Recent new LLM launches (GPT-5, Opus, Sonnet 4, Gemini, Grok 3) make me feel like I’m watching the iPhone era from 5 to 8. There’s improvement, sure—but we’ve entered the “incremental” phase. The awe is gone. And while models keep getting better, the real unlock for productivity no longer lies in the model itself.
LLMs are good enough. With the right setup, they can already do much more than most people realize.
This post nails it: the next breakthroughs won't come from squeezing a few more benchmark points out of foundation models. It'll come from giving them proper context—via memory.
Why Memory Matters
Right now, most AI agents are like brilliant amnesiacs. Each interaction is like Day One at a new job. They can answer your questions or generate something impressive—but they forget everything the moment you’re done.
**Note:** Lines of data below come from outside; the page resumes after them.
(* Let $n\neq 1$ be a real number, $k_n=n-1$, and $k_0,k_1,k_2\in\mathbb{R}$. On the phase space with canonical coordinates $(r,\phi,p_r,p_\phi)$, $r>0$, consider $$H_{na}'=\tfrac12 r^{2n}\Big(p_r^2+\tfrac{p_\phi^2}{r^2}\Big)+\frac{k_0}{r^{2k_n}}+\frac{1}{r^{k_n}}\big(k_1\cos(k_n\phi)+k_2\sin(k_n\phi)\big).$$ Define the real functions $$M_{n1}=r^{2k_n}\big(r^2p_r^2-p_\phi^2\big)+\frac{2k_0}{r^{2k_n}}+\frac{2}{r^{k_n}}\big(k_1\cos(k_n\phi)+k_2\sin(k_n\phi)\big),$$ $$M_{n2}=2r^{2n-1}p_rp_\phi+\frac{2}{r^{k_n}}\big(k_1\sin(k_n\phi)-k_2\cos(k_n\phi)\big),$$ and the complex functions $M_n=M_{n1}+iM_{n2}$ and $N_\phi=\cos(2k_n\phi)+i\sin(2k_n\phi)$. Then the complex function $J_{23}=M_n N_\phi^{*}$ (where ${}^*$ denotes complex conjugation), which is quadratic in the momenta, is a constant of motion of $H_{na}'$: $\{J_{23},H_{na}'\}=0$; equivalently its real and imaginary parts both Poisson commute with $H_{na}'$.
   Context: The Poisson bracket is the canonical one in $(r,\phi,p_r,p_\phi)$, extended complex-linearly to complex-valued functions. A constant of motion of $H$ is a function $F$ with $\{F,H\}=0$. *)

theory Defs
  imports "HOL-Analysis.Analysis"
begin

type_synonym phase_fun = "real \<Rightarrow> real \<Rightarrow> real \<Rightarrow> real \<Rightarrow> complex"

definition d_r :: "phase_fun \<Rightarrow> phase_fun" where
  "d_r F r ph pr pph = vector_derivative (\<lambda>t. F t ph pr pph) (at r)"
definition d_phi :: "phase_fun \<Rightarrow> phase_fun" where
  "d_phi F r ph pr pph = vector_derivative (\<lambda>t. F r t pr pph) (at ph)"
definition d_pr :: "phase_fun \<Rightarrow> phase_fun" where
  "d_pr F r ph pr pph = vector_derivative (\<lambda>t. F r ph t pph) (at pr)"
definition d_pphi :: "phase_fun \<Rightarrow> phase_fun" where
  "d_pphi F r ph pr pph = vector_derivative (\<lambda>t. F r ph pr t) (at pph)"

definition poisson :: "phase_fun \<Rightarrow> phase_fun \<Rightarrow> phase_fun" where
  "poisson F G r ph pr pph =
     d_r F r ph pr pph * d_pr G r ph pr pph - d_pr F r ph pr pph * d_r G r ph pr pph
   + d_phi F r ph pr pph * d_pphi G r ph pr pph - d_pphi F r ph pr pph * d_phi G r ph pr pph"

definition H_na :: "real \<Rightarrow> real \<Rightarrow> real \<Rightarrow> real \<Rightarrow> phase_fun" where
  "H_na n k0 k1 k2 r ph pr pph = complex_of_real (
     1/2 * r powr (2*n) * (pr^2 + pph^2 / r^2) + k0 / r powr (2*(n-1))
     + 1 / r powr (n-1) * (k1 * cos ((n-1)*ph) + k2 * sin ((n-1)*ph)))"

definition M_n1 :: "real \<Rightarrow> real \<Rightarrow> real \<Rightarrow> real \<Rightarrow> real \<Rightarrow> real \<Rightarrow> real \<Rightarrow> real \<Rightarrow> real" where
  "M_n1 n k0 k1 k2 r ph pr pph =
     r powr (2*(n-1)) * (r^2 * pr^2 - pph^2) + 2*k0 / r powr (2*(n-1))
     + 2 / r powr (n-1) * (k1 * cos ((n-1)*ph) + k2 * sin ((n-1)*ph))"

definition M_n2 :: "real \<Rightarrow> real \<Rightarrow> real \<Rightarrow> real \<Rightarrow> real \<Rightarrow> real \<Rightarrow> real \<Rightarrow> real \<Rightarrow> real" where
  "M_n2 n k0 k1 k2 r ph pr pph =
     2 * r powr (2*n - 1) * pr * pph
     + 2 / r powr (n-1) * (k1 * sin ((n-1)*ph) - k2 * cos ((n-1)*ph))"

definition M_n :: "real \<Rightarrow> real \<Rightarrow> real \<Rightarrow> real \<Rightarrow> phase_fun" where
  "M_n n k0 k1 k2 r ph pr pph =
     Complex (M_n1 n k0 k1 k2 r ph pr pph) (M_n2 n k0 k1 k2 r ph pr pph)"

definition N_phi :: "real \<Rightarrow> phase_fun" where
  "N_phi n r ph pr pph = Complex (cos (2*(n-1)*ph)) (sin (2*(n-1)*ph))"

definition J23 :: "real \<Rightarrow> real \<Rightarrow> real \<Rightarrow> real \<Rightarrow> phase_fun" where
  "J23 n k0 k1 k2 r ph pr pph = M_n n k0 k1 k2 r ph pr pph * cnj (N_phi n r ph pr pph)"

end

theory Submission
  imports Defs
begin

text \<open>
  Write \<open>a = n - 1\<close> and \<open>q = r powr a\<close>. Along the flow of \<open>H_na\<close> the functions \<open>M_n\<close> and
  \<open>N_phi\<close> rotate at the same rate: \<open>{M_n, H_na} = 2 i a q\<^sup>2 p_phi M_n\<close>, and since
  \<open>cnj N_phi = cis (-2 a phi)\<close> depends on \<open>phi\<close> alone,
  \<open>{cnj N_phi, H_na} = -2 i a q\<^sup>2 p_phi cnj N_phi\<close>. The Leibniz rule for the bracket then
  makes \<open>J23 = M_n cnj N_phi\<close> a constant of motion. In terms of \<open>q\<close> both \<open>H_na\<close> and \<open>M_n\<close> are
  rational in \<open>q, r, p_r, p_phi\<close> and the trigonometric terms, and \<open>dq/dr = a q / r\<close> turns the
  first bracket into a rational identity.
\<close>

definition phase_differentiable :: "phase_fun \<Rightarrow> real \<Rightarrow> real \<Rightarrow> real \<Rightarrow> real \<Rightarrow> bool" where
  "phase_differentiable F r ph pr pph \<longleftrightarrow>
     (\<lambda>t. F t ph pr pph) differentiable at r \<and> (\<lambda>t. F r t pr pph) differentiable at ph \<and>
     (\<lambda>t. F r ph t pph) differentiable at pr \<and> (\<lambda>t. F r ph pr t) differentiable at pph"

lemma poisson_mult_left:
  assumes "phase_differentiable F r ph pr pph" and "phase_differentiable G r ph pr pph"
  shows "poisson (\<lambda>r ph pr pph. F r ph pr pph * G r ph pr pph) H r ph pr pph =
           poisson F H r ph pr pph * G r ph pr pph + F r ph pr pph * poisson G H r ph pr pph"
  using assms unfolding phase_differentiable_def poisson_def d_r_def d_phi_def d_pr_def d_pphi_def
  by (simp add: algebra_simps)

lemma phase_differentiable_angle_function:
  "f differentiable at ph \<Longrightarrow> phase_differentiable (\<lambda>r ph pr pph. f ph) r ph pr pph"
  by (simp add: phase_differentiable_def)

lemma poisson_angle_function:
  assumes "(f has_vector_derivative f') (at ph)"
  shows "poisson (\<lambda>r ph pr pph. f ph) H r ph pr pph = f' * d_pphi H r ph pr pph"
  using vector_derivative_at[OF assms]
  by (simp add: poisson_def d_r_def d_phi_def d_pr_def d_pphi_def)

lemma has_vector_derivative_Complex:
  assumes "(f has_real_derivative f') (at x)" and "(g has_real_derivative g') (at x)"
  shows "((\<lambda>t. Complex (f t) (g t)) has_vector_derivative Complex f' g') (at x)"
  unfolding Complex_eq by (intro derivative_intros has_vector_derivative_of_real assms)

lemma has_vector_derivative_cis_linear:
  "((\<lambda>t. cis (c * t)) has_vector_derivative \<i> * c * cis (c * x)) (at x)"
  unfolding has_vector_derivative_def
  by (auto intro!: derivative_eq_intros simp: algebra_simps scaleR_conv_of_real)

lemma powr_double: "(r::real) > 0 \<Longrightarrow> r powr (2 * x) = (r powr x)^2"
  by (simp add: powr_power mult.commute)

lemma has_real_derivative_powr_div:
  "(r::real) > 0 \<Longrightarrow> ((\<lambda>t. t powr a) has_real_derivative a * r powr a / r) (at r)"
  using has_real_derivative_powr[of r a] unfolding powr_diff[of r a 1] by (simp del: powr_diff)

context
  fixes n k0 k1 k2 :: real
begin

lemma M_n1_rescaled:
  assumes "r > 0"
  shows "M_n1 n k0 k1 k2 r ph pr pph = (r powr (n - 1))^2 * (r^2 * pr^2 - pph^2)
     + 2 * k0 / (r powr (n - 1))^2 + 2 * (k1 * cos ((n - 1) * ph) + k2 * sin ((n - 1) * ph)) / r powr (n - 1)"
  unfolding M_n1_def powr_double[OF assms] by simp

lemma M_n2_rescaled:
  assumes "r > 0"
  shows "M_n2 n k0 k1 k2 r ph pr pph = 2 * (r powr (n - 1))^2 * r * pr * pph
     + 2 * (k1 * sin ((n - 1) * ph) - k2 * cos ((n - 1) * ph)) / r powr (n - 1)"
proof -
  have "r powr (2 * n - 1) = (r powr (n - 1))^2 * r"
    using assms powr_double[of r "n - 1"] powr_add[of r "2 * (n - 1)" 1] by (simp add: algebra_simps)
  then show ?thesis by (simp add: M_n2_def)
qed

lemma H_na_rescaled:
  assumes "r > 0"
  shows "H_na n k0 k1 k2 r ph pr pph = of_real ((r powr (n - 1))^2 * (r^2 * pr^2 + pph^2) / 2
     + k0 / (r powr (n - 1))^2 + (k1 * cos ((n - 1) * ph) + k2 * sin ((n - 1) * ph)) / r powr (n - 1))"
proof -
  have "r powr (2 * n) = (r powr (n - 1))^2 * r^2"
    using assms powr_double[of r "n - 1"] powr_add[of r "2 * (n - 1)" 2] by (simp add: algebra_simps)
  then show ?thesis
    unfolding H_na_def powr_double[OF assms] using assms by (simp add: field_simps)
qed

lemma H_na_partial_derivatives:
  fixes r ph pr pph :: real
  assumes r: "r > 0"
  defines "a \<equiv> n - 1" defines "q \<equiv> r powr a"
  defines "V \<equiv> k1 * cos (a * ph) + k2 * sin (a * ph)" and "W \<equiv> k1 * sin (a * ph) - k2 * cos (a * ph)"
  shows "d_r (H_na n k0 k1 k2) r ph pr pph = of_real (a * q^2 * (r^2 * pr^2 + pph^2) / r
           + q^2 * r * pr^2 - 2 * a * k0 / (q^2 * r) - a * V / (q * r))" (is "_ = of_real ?H_r")
    and "d_phi (H_na n k0 k1 k2) r ph pr pph = of_real (- a * W / q)"
    and "d_pr (H_na n k0 k1 k2) r ph pr pph = of_real (q^2 * r^2 * pr)"
    and "d_pphi (H_na n k0 k1 k2) r ph pr pph = of_real (q^2 * pph)"
proof -
  \<comment> \<open>Hiding \<open>t powr a\<close> behind \<open>w\<close> keeps the simplifier from splitting the exponent.\<close>
  define w where "w t = t powr a" for t
  have dw: "(w has_real_derivative a * w r / r) (at r)"
    unfolding w_def[abs_def] using r by (rule has_real_derivative_powr_div)
  have "w r > 0" using r by (simp add: w_def)
  have "((\<lambda>t. (w t)^2 * (t^2 * pr^2 + pph^2) / 2 + k0 / (w t)^2 + V / w t) has_real_derivative ?H_r) (at r)"
    using \<open>w r > 0\<close> r unfolding q_def w_def[symmetric]
    by (auto intro!: derivative_eq_intros dw simp: field_simps power2_eq_square power3_eq_cube)
  then have "((\<lambda>t. H_na n k0 k1 k2 t ph pr pph) has_vector_derivative of_real ?H_r) (at r)"
    by (rule has_vector_derivative_transform_within_open[OF has_vector_derivative_of_real, of _ _ _ "{0<..}"])
      (use r in \<open>auto simp: H_na_rescaled w_def V_def a_def\<close>)
  then show "d_r (H_na n k0 k1 k2) r ph pr pph = of_real ?H_r"
    unfolding d_r_def by (rule vector_derivative_at)
  show "d_phi (H_na n k0 k1 k2) r ph pr pph = of_real (- a * W / q)"
    unfolding d_phi_def H_na_rescaled[OF r] using r unfolding a_def q_def W_def
    by (intro vector_derivative_at has_vector_derivative_of_real)
      (auto intro!: derivative_eq_intros simp: field_simps)
  show "d_pr (H_na n k0 k1 k2) r ph pr pph = of_real (q^2 * r^2 * pr)"
    unfolding d_pr_def H_na_rescaled[OF r] unfolding q_def a_def
    by (intro vector_derivative_at has_vector_derivative_of_real) (auto intro!: derivative_eq_intros)
  show "d_pphi (H_na n k0 k1 k2) r ph pr pph = of_real (q^2 * pph)"
    unfolding d_pphi_def H_na_rescaled[OF r] unfolding q_def a_def
    by (intro vector_derivative_at has_vector_derivative_of_real) (auto intro!: derivative_eq_intros)
qed

lemma M_n_partial_derivatives:
  fixes r ph pr pph :: real
  assumes r: "r > 0"
  defines "a \<equiv> n - 1" defines "q \<equiv> r powr a"
  defines "V \<equiv> k1 * cos (a * ph) + k2 * sin (a * ph)" and "W \<equiv> k1 * sin (a * ph) - k2 * cos (a * ph)"
  shows "((\<lambda>t. M_n n k0 k1 k2 t ph pr pph) has_vector_derivative
           Complex (2 * a * q^2 * (r^2 * pr^2 - pph^2) / r + 2 * q^2 * r * pr^2
                      - 4 * a * k0 / (q^2 * r) - 2 * a * V / (q * r))
                   (2 * (2 * a + 1) * q^2 * pr * pph - 2 * a * W / (q * r))) (at r)"
      (is "(_ has_vector_derivative ?M_r) _")
    and "((\<lambda>t. M_n n k0 k1 k2 r t pr pph) has_vector_derivative
           Complex (- 2 * a * W / q) (2 * a * V / q)) (at ph)"
    and "((\<lambda>t. M_n n k0 k1 k2 r ph t pph) has_vector_derivative
           Complex (2 * q^2 * r^2 * pr) (2 * q^2 * r * pph)) (at pr)"
    and "((\<lambda>t. M_n n k0 k1 k2 r ph pr t) has_vector_derivative
           Complex (- 2 * q^2 * pph) (2 * q^2 * r * pr)) (at pph)"
proof -
  define w where "w t = t powr a" for t
  have dw: "(w has_real_derivative a * w r / r) (at r)"
    unfolding w_def[abs_def] using r by (rule has_real_derivative_powr_div)
  have "w r > 0" using r by (simp add: w_def)
  have "((\<lambda>t. Complex ((w t)^2 * (t^2 * pr^2 - pph^2) + 2 * k0 / (w t)^2 + 2 * V / w t)
                      (2 * (w t)^2 * t * pr * pph + 2 * W / w t)) has_vector_derivative ?M_r) (at r)"
    using \<open>w r > 0\<close> r unfolding q_def w_def[symmetric]
    by (intro has_vector_derivative_Complex)
      (auto intro!: derivative_eq_intros dw simp: field_simps power2_eq_square power3_eq_cube)
  then show "((\<lambda>t. M_n n k0 k1 k2 t ph pr pph) has_vector_derivative ?M_r) (at r)"
    by (rule has_vector_derivative_transform_within_open[of _ _ _ "{0<..}"])
      (use r in \<open>auto simp: M_n_def M_n1_rescaled M_n2_rescaled w_def V_def W_def a_def\<close>)
  show "((\<lambda>t. M_n n k0 k1 k2 r t pr pph) has_vector_derivative
           Complex (- 2 * a * W / q) (2 * a * V / q)) (at ph)"
    unfolding M_n_def M_n1_rescaled[OF r] M_n2_rescaled[OF r] using r unfolding a_def q_def V_def W_def
    by (intro has_vector_derivative_Complex) (auto intro!: derivative_eq_intros simp: field_simps)
  show "((\<lambda>t. M_n n k0 k1 k2 r ph t pph) has_vector_derivative
           Complex (2 * q^2 * r^2 * pr) (2 * q^2 * r * pph)) (at pr)"
    unfolding M_n_def M_n1_rescaled[OF r] M_n2_rescaled[OF r] unfolding q_def a_def
    by (intro has_vector_derivative_Complex) (auto intro!: derivative_eq_intros)
  show "((\<lambda>t. M_n n k0 k1 k2 r ph pr t) has_vector_derivative
           Complex (- 2 * q^2 * pph) (2 * q^2 * r * pr)) (at pph)"
    unfolding M_n_def M_n1_rescaled[OF r] M_n2_rescaled[OF r] unfolding q_def a_def
    by (intro has_vector_derivative_Complex) (auto intro!: derivative_eq_intros)
qed

lemma phase_differentiable_M_n:
  "r > 0 \<Longrightarrow> phase_differentiable (M_n n k0 k1 k2) r ph pr pph"
  unfolding phase_differentiable_def by (metis M_n_partial_derivatives differentiableI_vector)

lemma poisson_M_n_H_na:
  fixes r ph pr pph :: real
  assumes r: "r > 0"
  defines "a \<equiv> n - 1" defines "q \<equiv> r powr a"
  shows "poisson (M_n n k0 k1 k2) (H_na n k0 k1 k2) r ph pr pph =
           2 * \<i> * a * q^2 * pph * M_n n k0 k1 k2 r ph pr pph"
proof -
  have "q > 0" using r by (simp add: q_def)
  have M_n_eq: "M_n n k0 k1 k2 r ph pr pph =
      Complex (q^2 * (r^2 * pr^2 - pph^2) + 2 * k0 / q^2 + 2 * (k1 * cos (a * ph) + k2 * sin (a * ph)) / q)
              (2 * q^2 * r * pr * pph + 2 * (k1 * sin (a * ph) - k2 * cos (a * ph)) / q)"
    using r by (simp add: M_n_def M_n1_rescaled M_n2_rescaled q_def a_def)
  note d_M_n = M_n_partial_derivatives[OF r, THEN vector_derivative_at,
      folded a_def q_def d_r_def d_phi_def d_pr_def d_pphi_def]
  note d_H_na = H_na_partial_derivatives[OF r, folded a_def q_def]
  show ?thesis
    unfolding poisson_def d_M_n d_H_na M_n_eq using r \<open>q > 0\<close>
    by (simp add: complex_eq_iff field_simps power2_eq_square power3_eq_cube)
qed

end

theorem proposition1:
  fixes n k0 k1 k2 :: real
  assumes "n \<noteq> 1"
  shows "\<forall>r ph pr pph. r > 0 \<longrightarrow>
           poisson (J23 n k0 k1 k2) (H_na n k0 k1 k2) r ph pr pph = 0"
proof (intro allI impI)
  fix r ph pr pph :: real
  assume r: "r > 0"
  define c where "c = 2 * (n - 1)"
  have "N_phi n r ph pr pph = cis (c * ph)" for r ph pr pph
    by (simp add: N_phi_def c_def complex_eq_iff)
  then have J23_eq: "J23 n k0 k1 k2 = (\<lambda>r ph pr pph. M_n n k0 k1 k2 r ph pr pph * cis (- c * ph))"
    by (simp add: fun_eq_iff J23_def cis_cnj)
  note d_cis = has_vector_derivative_cis_linear[of "- c" ph]
  have "poisson (J23 n k0 k1 k2) (H_na n k0 k1 k2) r ph pr pph =
          poisson (M_n n k0 k1 k2) (H_na n k0 k1 k2) r ph pr pph * cis (- c * ph)
          + M_n n k0 k1 k2 r ph pr pph * poisson (\<lambda>r ph pr pph. cis (- c * ph)) (H_na n k0 k1 k2) r ph pr pph"
    unfolding J23_eq
    by (rule poisson_mult_left[OF phase_differentiable_M_n[OF r]
          phase_differentiable_angle_function[OF differentiableI_vector[OF d_cis]]])
  also have "\<dots> = 0"
    unfolding poisson_M_n_H_na[OF r] poisson_angle_function[OF d_cis] H_na_partial_derivatives(4)[OF r]
    by (simp add: c_def algebra_simps)
  finally show "poisson (J23 n k0 k1 k2) (H_na n k0 k1 k2) r ph pr pph = 0" .
qed

end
That’s fine for one-off tasks, and it seems like this is the focus area for most of the LLM benchmarks, but completely breaks down for ongoing workflows, long-term projects, or any use case that requires continuity.
The solution is obvious: memory. And not just short-term context windows or vector search hacks. We’re talking long-term memory—structured, persistent, personalized, and evolving over time.
Short-Term vs. Long-Term Memory
Let’s define the layers:
- Short-Term Memory: This is what’s in the context window. Some systems enhance it with scratchpads or ephemeral notes across steps in a chain (e.g. in agents like AutoGPT or OpenDevin).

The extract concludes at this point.